Networked Shared Control

NSC (Networked Shared Control) refers to both the event-driven, cooperative multitasking operating system and a distributed automation system designed for real-time control across a low-power, peer-to-peer network.

Originally developed for industrial and building automation, it enables multiple embedded devices to collaborate without a central controller.

Key Characteristics

• Distributed: not centralized
• Visual-first: but programmable
• Event-driven: not cyclic/scanned
• Peer-to-peer: not master-slave
• Extensible via reusable and compounding components
• Low-power and efficient: via RS485 LE + SFPB, all nodes are equal — any node can initiate communication with another at any time.

Example Applications

• Distributed process automation
• Building control systems, home automation
• Remote input/output coordination
• Energy and water management
• Greenhouse/farm automation
• Embedded applications (via advanced SDK)

Easy to program

Visual Programming with Optional C-like Code

While the system supports low-level coding with a C-style syntax, MaticStudio offers a visual programming environment where developers define event-driven behaviors by linking events to actions.

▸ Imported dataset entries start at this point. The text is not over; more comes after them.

lemma dunkl_kernel_eq_orthogonal_dunkl_kernel: "dunkl_kernel Rp \<kappa> = orthogonal_dunkl_kernel"
  unfolding dunkl_kernel_def
proof (rule the_equality)
  show "\<forall>y. C1_fun (\<lambda>x. orthogonal_dunkl_kernel x y) \<and> orthogonal_dunkl_kernel 0 y = 1 \<and>
      (\<forall>\<xi>. \<forall>x\<in>regular_set Rp.
        dunkl_op Rp \<kappa> \<xi> (\<lambda>z. orthogonal_dunkl_kernel z y) x = (\<xi> \<bullet> y) * orthogonal_dunkl_kernel x y)"
    using C1_orthogonal_dunkl_kernel orthogonal_dunkl_kernel_0 orthogonal_dunkl_kernel_eigenfunction
    by blast
next
  fix E assume E: "\<forall>y. C1_fun (\<lambda>x. E x y) \<and> E 0 y = 1 \<and>
      (\<forall>\<xi>. \<forall>x\<in>regular_set Rp. dunkl_op Rp \<kappa> \<xi> (\<lambda>z. E z y) x = (\<xi> \<bullet> y) * E x y)"
  show "E = orthogonal_dunkl_kernel"
  proof (intro ext)
    fix x y
    let ?g = "\<lambda>z. E z y - orthogonal_dunkl_kernel z y"
    have C1_E: "C1_fun (\<lambda>z. E z y)"
      using E by blast
    have "?g x = 0"
    proof (rule eq_0_if_dunkl_eigenfunction[where g="?g" and y=y])
      show "C1_fun ?g"
        using C1_E C1_orthogonal_dunkl_kernel[of y] by (rule C1_fun_diff)
      show "?g 0 = 0"
        using E orthogonal_dunkl_kernel_0 by simp
      show "dunkl_op Rp \<kappa> \<xi> ?g z = (\<xi> \<bullet> y) * ?g z" if "z \<in> regular_set Rp" for \<xi> z
        using E that C1_E C1_orthogonal_dunkl_kernel[of y] orthogonal_dunkl_kernel_eigenfunction[OF that]
        by (simp add: dunkl_op_diff C1_fun_def right_diff_distrib)
    qed
    then show "E x y = orthogonal_dunkl_kernel x y"
      by simp
  qed
qed
(* Let $G$ be a finite simple connected graph containing no cycle of length $3$ and no cycle of length $5$ as a subgraph. Suppose $\kappa>0$ is a real number such that $\kappa_{LLY}(x,y)\ge \kappa$ for every edge $xy$ of $G$. Then $$|V(G)|\le 2^{2/\kappa}.$$ Moreover, equality holds if and only if $G$ is isomorphic to the hypercube $Q_d$ and $\kappa=\frac{2}{d}$ for some positive integer $d$.
   Context: For vertices $u,v$ of a connected graph $G$, $d(u,v)$ is the graph distance, $N(v)$ is the neighborhood of $v$ and $d_v=|N(v)|$ its degree. For $0\le\alpha<1$ and a vertex $x$, the $\alpha$-lazy random walk is the probability distribution $m_x^\alpha$ on $V(G)$ with $m_x^\alpha(x)=\alpha$, $m_x^\alpha(v)=(1-\alpha)/d_x$ for $v\in N(x)$, and $m_x^\alpha(v)=0$ otherwise. For probability distributions $m_1,m_2$ on $V(G)$, a coupling is a map $A:V\times V\to[0,1]$ with $\sum_y A(x,y)=m_1(x)$ and $\sum_x A(x,y)=m_2(y)$, and the transportation distance is $W(m_1,m_2)=\inf_A\sum_{x,y}A(x,y)d(x,y)$ over all couplings $A$. For distinct vertices $x,y$, $\kappa_\alpha(x,y)=1-\frac{W(m_x^\alpha,m_y^\alpha)}{d(x,y)}$, and the Lin–Lu–Yau Ricci curvature is $\kappa_{LLY}(x,y)=\lim_{\alpha\to1}\frac{\kappa_\alpha(x,y)}{1-\alpha}$. The hypercube $Q_d$ is the graph on the subsets of $\{1,\dots,d\}$ in which two subsets are adjacent iff their symmetric difference has exactly one element. *)

theory Defs
  imports Complex_Main
begin

definition simple_graph :: "'a set \<Rightarrow> ('a \<Rightarrow> 'a \<Rightarrow> bool) \<Rightarrow> bool" where
  "simple_graph V E \<longleftrightarrow> finite V \<and> (\<forall>x y. E x y \<longrightarrow> x \<in> V \<and> y \<in> V)
     \<and> (\<forall>x y. E x y \<longrightarrow> E y x) \<and> (\<forall>x. \<not> E x x)"

definition is_walk :: "('a \<Rightarrow> 'a \<Rightarrow> bool) \<Rightarrow> 'a \<Rightarrow> 'a \<Rightarrow> nat \<Rightarrow> 'a list \<Rightarrow> bool" where
  "is_walk E u v n xs \<longleftrightarrow> length xs = Suc n \<and> hd xs = u \<and> last xs = v
     \<and> (\<forall>i<n. E (xs ! i) (xs ! Suc i))"

definition connected_graph :: "'a set \<Rightarrow> ('a \<Rightarrow> 'a \<Rightarrow> bool) \<Rightarrow> bool" where
  "connected_graph V E \<longleftrightarrow> V \<noteq> {} \<and> (\<forall>u\<in>V. \<forall>v\<in>V. \<exists>n xs. is_walk E u v n xs)"

definition gdist :: "('a \<Rightarrow> 'a \<Rightarrow> bool) \<Rightarrow> 'a \<Rightarrow> 'a \<Rightarrow> nat" where
  "gdist E u v = (LEAST n. \<exists>xs. is_walk E u v n xs)"

definition degree :: "'a set \<Rightarrow> ('a \<Rightarrow> 'a \<Rightarrow> bool) \<Rightarrow> 'a \<Rightarrow> nat" where
  "degree V E x = card {y \<in> V. E x y}"

definition lazy_rw :: "'a set \<Rightarrow> ('a \<Rightarrow> 'a \<Rightarrow> bool) \<Rightarrow> real \<Rightarrow> 'a \<Rightarrow> 'a \<Rightarrow> real" where
  "lazy_rw V E \<alpha> x v = (if v = x then \<alpha> else if E x v then (1 - \<alpha>) / real (degree V E x) else 0)"

definition coupling :: "'a set \<Rightarrow> ('a \<Rightarrow> real) \<Rightarrow> ('a \<Rightarrow> real) \<Rightarrow> ('a \<Rightarrow> 'a \<Rightarrow> real) \<Rightarrow> bool" where
  "coupling V m1 m2 A \<longleftrightarrow> (\<forall>x\<in>V. \<forall>y\<in>V. 0 \<le> A x y \<and> A x y \<le> 1)
     \<and> (\<forall>x\<in>V. (\<Sum>y\<in>V. A x y) = m1 x) \<and> (\<forall>y\<in>V. (\<Sum>x\<in>V. A x y) = m2 y)"

definition transport :: "'a set \<Rightarrow> ('a \<Rightarrow> 'a \<Rightarrow> bool) \<Rightarrow> ('a \<Rightarrow> real) \<Rightarrow> ('a \<Rightarrow> real) \<Rightarrow> real" where
  "transport V E m1 m2 = Inf {(\<Sum>x\<in>V. \<Sum>y\<in>V. A x y * real (gdist E x y)) | A. coupling V m1 m2 A}"

definition kappa_alpha :: "'a set \<Rightarrow> ('a \<Rightarrow> 'a \<Rightarrow> bool) \<Rightarrow> real \<Rightarrow> 'a \<Rightarrow> 'a \<Rightarrow> real" where
  "kappa_alpha V E \<alpha> x y = 1 - transport V E (lazy_rw V E \<alpha> x) (lazy_rw V E \<alpha> y) / real (gdist E x y)"

definition kappa_LLY :: "'a set \<Rightarrow> ('a \<Rightarrow> 'a \<Rightarrow> bool) \<Rightarrow> 'a \<Rightarrow> 'a \<Rightarrow> real" where
  "kappa_LLY V E x y = Lim (at_left 1) (\<lambda>\<alpha>. kappa_alpha V E \<alpha> x y / (1 - \<alpha>))"

definition no_C3 :: "('a \<Rightarrow> 'a \<Rightarrow> bool) \<Rightarrow> bool" where
  "no_C3 E \<longleftrightarrow> \<not> (\<exists>a b c. distinct [a, b, c] \<and> E a b \<and> E b c \<and> E c a)"

definition no_C5 :: "('a \<Rightarrow> 'a \<Rightarrow> bool) \<Rightarrow> bool" where
  "no_C5 E \<longleftrightarrow> \<not> (\<exists>a b c d e. distinct [a, b, c, d, e]
      \<and> E a b \<and> E b c \<and> E c d \<and> E d e \<and> E e a)"

text \<open>Hypercube Q_d: vertices are subsets of {1..d}, adjacent iff symmetric difference has one element.\<close>
definition hypercube_adj :: "nat set \<Rightarrow> nat set \<Rightarrow> bool" where
  "hypercube_adj A B \<longleftrightarrow> card ((A - B) \<union> (B - A)) = 1"

definition iso_hypercube :: "'a set \<Rightarrow> ('a \<Rightarrow> 'a \<Rightarrow> bool) \<Rightarrow> nat \<Rightarrow> bool" where
  "iso_hypercube V E d \<longleftrightarrow> (\<exists>f. bij_betw f V (Pow {1..d})
      \<and> (\<forall>x\<in>V. \<forall>y\<in>V. E x y \<longleftrightarrow> hypercube_adj (f x) (f y)))"

end

(*
  Fix a vertex v. For an edge w y with y one step closer to v than w, testing the curvature
  against the distance to v, modified on the two neighbourhoods so that it stays 1-Lipschitz
  (this is where the absence of 3- and 5-cycles enters), shows that the fraction of neighbours
  one step closer to v is larger at w than at y by at least \<kappa>/2. By induction, a vertex w at
  distance k from v has at least k \<kappa>/2 deg(w) neighbours closer to v. Double counting the edges
  between consecutive distance layers then bounds the total degree of layer k by
  (2/\<kappa> choose k) deg(v). Summing over k \<le> 2/\<kappa> for v of minimum degree bounds |V| by a
  truncated binomial sum, which is at most 2^(2/\<kappa>), with equality only for integral 2/\<kappa>.
  In the equality case every estimate is tight: the graph is regular and every vertex at
  distance k from any vertex has exactly k neighbours one step closer. Labelling the neighbours
  of a base vertex by 1..d and giving each vertex the set of labels of the neighbours through
  which a shortest path to it can pass then identifies the graph with the hypercube.
*)

theory Submission
  imports Defs "HOL-Analysis.Generalised_Binomial_Theorem"
begin

lemma tendsto_at_left_Sup_mono:
  fixes g :: "real \<Rightarrow> real"
  assumes "a < b" and mono: "\<And>s t. a \<le> s \<Longrightarrow> s \<le> t \<Longrightarrow> t < b \<Longrightarrow> g s \<le> g t"
    and bdd: "bdd_above (g ` {a..<b})"
  shows "(g \<longlongrightarrow> Sup (g ` {a..<b})) (at_left b)"
proof (rule order_tendstoI)
  fix c assume "c < Sup (g ` {a..<b})"
  then obtain s where s: "s \<in> {a..<b}" "c < g s"
    using less_cSup_iff[OF _ bdd] \<open>a < b\<close> by auto
  have "\<forall>\<^sub>F t in at_left b. t \<in> {s<..<b}" using s by (intro eventually_at_left_real) auto
  then show "\<forall>\<^sub>F t in at_left b. c < g t"
  proof eventually_elim
    case (elim t)
    then have "g s \<le> g t" using s by (intro mono) auto
    then show ?case using s by simp
  qed
next
  fix c assume "Sup (g ` {a..<b}) < c"
  have "\<forall>\<^sub>F t in at_left b. t \<in> {a<..<b}" using \<open>a < b\<close> by (intro eventually_at_left_real) auto
  then show "\<forall>\<^sub>F t in at_left b. g t < c"
  proof eventually_elim
    case (elim t)
    then have "g t \<le> Sup (g ` {a..<b})" using bdd by (intro cSup_upper) auto
    then show ?case using \<open>Sup (g ` {a..<b}) < c\<close> by simp
  qed
qed

lemma sum_if_eq_card:
  fixes c1 c2 :: real
  assumes "finite A" "\<And>a. a \<in> A \<Longrightarrow> f a = (if P a then c1 else c2)"
  shows "(\<Sum>a\<in>A. f a) = c2 * real (card A) + (c1 - c2) * real (card {a\<in>A. P a})"
proof -
  have "(\<Sum>a\<in>A. f a) = (\<Sum>a\<in>A. c2 + (if P a then c1 - c2 else 0))"
    using assms(2) by (intro sum.cong) auto
  also have "\<dots> = c2 * real (card A) + (\<Sum>a\<in>{a\<in>A. P a}. c1 - c2)"
    using sum.inter_filter[OF assms(1), of "\<lambda>_. c1 - c2" P] by (simp add: sum.distrib)
  finally show ?thesis by simp
qed

section \<open>Walks and graph distance\<close>

definition has_walk :: "('a \<Rightarrow> 'a \<Rightarrow> bool) \<Rightarrow> 'a \<Rightarrow> 'a \<Rightarrow> nat \<Rightarrow> bool" where
  "has_walk E u v n \<longleftrightarrow> (\<exists>xs. is_walk E u v n xs)"

lemma has_walk_0 [simp]: "has_walk E u v 0 \<longleftrightarrow> u = v"
proof
  assume "has_walk E u v 0"
  then obtain xs where "length xs = 1" "hd xs = u" "last xs = v"
    by (auto simp: has_walk_def is_walk_def)
  then show "u = v" by (cases xs) auto
next
  assume "u = v"
  then show "has_walk E u v 0"
    unfolding has_walk_def is_walk_def by (intro exI[of _ "[u]"]) simp
qed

• Visual programming is the default and most intuitive mode
• Manual code editing is reserved for advanced users or optimization

Automatic RPC generation

MaticStudio transparently generates Remote Procedure Calls between devices when cross-device interactions are defined in the visual logic — no messaging code is needed.

• Eliminates the complexity of writing inter-device communication logic
• Enables true distributed behavior without the usual protocol boilerplate

Extensible

The system is modular and extensible through Virtual Components, which are distributed as COB files. These provide advanced logic and optional UI components for SCADA integration.

SFPB: Simple Field Bus Protocol

The physical network uses low-power RS485, running SFPB — a lightweight, peer-to-peer field protocol with no master-slave model.

• Devices are autonomous and cooperative
• Any node can initiate communication
• Scales naturally across up to 126 devices

This highlights a major departure from traditional fieldbus systems (like Modbus RTU or CANopen), which often use polling or master-slave timing.

Advanced SDK

The NSC Framework offers an SDK which fits the devices based on the NSC system, for fast and efficient firmware.

The NSC AppWizard can guide through the creation of the event boilerplate structure and RPC messaging, that can be compiled with AVR-GCC.

The compiled firmware can be uploaded using the standard ISP for AVR.